--- Your instructions ---
Please repeat all the entries. Nothing may differ.

--- Dataset extract ---

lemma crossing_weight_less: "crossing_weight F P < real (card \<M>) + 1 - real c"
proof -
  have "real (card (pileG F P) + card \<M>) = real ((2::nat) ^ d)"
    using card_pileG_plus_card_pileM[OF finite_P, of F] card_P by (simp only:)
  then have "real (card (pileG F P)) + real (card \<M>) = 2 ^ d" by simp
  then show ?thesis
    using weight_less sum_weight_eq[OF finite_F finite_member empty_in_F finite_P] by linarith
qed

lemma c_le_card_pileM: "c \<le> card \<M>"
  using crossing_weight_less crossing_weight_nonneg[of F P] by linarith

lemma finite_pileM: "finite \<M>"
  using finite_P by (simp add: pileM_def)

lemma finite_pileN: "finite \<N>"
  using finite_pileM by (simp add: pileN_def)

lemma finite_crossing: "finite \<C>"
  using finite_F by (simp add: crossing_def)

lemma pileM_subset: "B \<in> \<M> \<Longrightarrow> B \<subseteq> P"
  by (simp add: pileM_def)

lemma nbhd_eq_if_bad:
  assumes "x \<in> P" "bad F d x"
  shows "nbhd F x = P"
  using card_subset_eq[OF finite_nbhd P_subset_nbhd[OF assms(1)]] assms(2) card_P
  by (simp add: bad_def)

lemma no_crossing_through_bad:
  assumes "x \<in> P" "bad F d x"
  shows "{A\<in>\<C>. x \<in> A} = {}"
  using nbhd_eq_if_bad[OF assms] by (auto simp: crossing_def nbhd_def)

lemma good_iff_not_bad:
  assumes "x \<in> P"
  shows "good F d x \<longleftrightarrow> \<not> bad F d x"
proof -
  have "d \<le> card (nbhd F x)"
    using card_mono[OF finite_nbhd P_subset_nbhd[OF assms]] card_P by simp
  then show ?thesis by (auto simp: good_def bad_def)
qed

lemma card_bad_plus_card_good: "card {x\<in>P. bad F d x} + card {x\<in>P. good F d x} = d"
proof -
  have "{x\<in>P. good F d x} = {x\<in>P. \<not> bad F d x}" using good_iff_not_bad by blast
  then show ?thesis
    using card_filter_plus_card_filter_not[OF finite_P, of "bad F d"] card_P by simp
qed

---

--- Written reply ---
lemma crossing_weight_less: "crossing_weight F P < real (card \<M>) + 1 - real c"
proof -
  have "real (card (pileG F P) + card \<M>) = real ((2::nat) ^ d)"
    using card_pileG_plus_card_pileM[OF finite_P, of F] card_P by (simp only:)
  then have "real (card (pileG F P)) + real (card \<M>) = 2 ^ d" by simp
  then show ?thesis
    using weight_less sum_weight_eq[OF finite_F finite_member empty_in_F finite_P] by linarith
qed

lemma c_le_card_pileM: "c \<le> card \<M>"
  using crossing_weight_less crossing_weight_nonneg[of F P] by linarith

lemma finite_pileM: "finite \<M>"
  using finite_P by (simp add: pileM_def)

lemma finite_pileN: "finite \<N>"
  using finite_pileM by (simp add: pileN_def)

lemma finite_crossing: "finite \<C>"
  using finite_F by (simp add: crossing_def)

lemma pileM_subset: "B \<in> \<M> \<Longrightarrow> B \<subseteq> P"
  by (simp add: pileM_def)

lemma nbhd_eq_if_bad:
  assumes "x \<in> P" "bad F d x"
  shows "nbhd F x = P"
  using card_subset_eq[OF finite_nbhd P_subset_nbhd[OF assms(1)]] assms(2) card_P
  by (simp add: bad_def)

lemma no_crossing_through_bad:
  assumes "x \<in> P" "bad F d x"
  shows "{A\<in>\<C>. x \<in> A} = {}"
  using nbhd_eq_if_bad[OF assms] by (auto simp: crossing_def nbhd_def)

lemma good_iff_not_bad:
  assumes "x \<in> P"
  shows "good F d x \<longleftrightarrow> \<not> bad F d x"
proof -
  have "d \<le> card (nbhd F x)"
    using card_mono[OF finite_nbhd P_subset_nbhd[OF assms]] card_P by simp
  then show ?thesis by (auto simp: good_def bad_def)
qed

lemma card_bad_plus_card_good: "card {x\<in>P. bad F d x} + card {x\<in>P. good F d x} = d"
proof -
  have "{x\<in>P. good F d x} = {x\<in>P. \<not> bad F d x}" using good_iff_not_bad by blast
  then show ?thesis
    using card_filter_plus_card_filter_not[OF finite_P, of "bad F d"] card_P by simp
qed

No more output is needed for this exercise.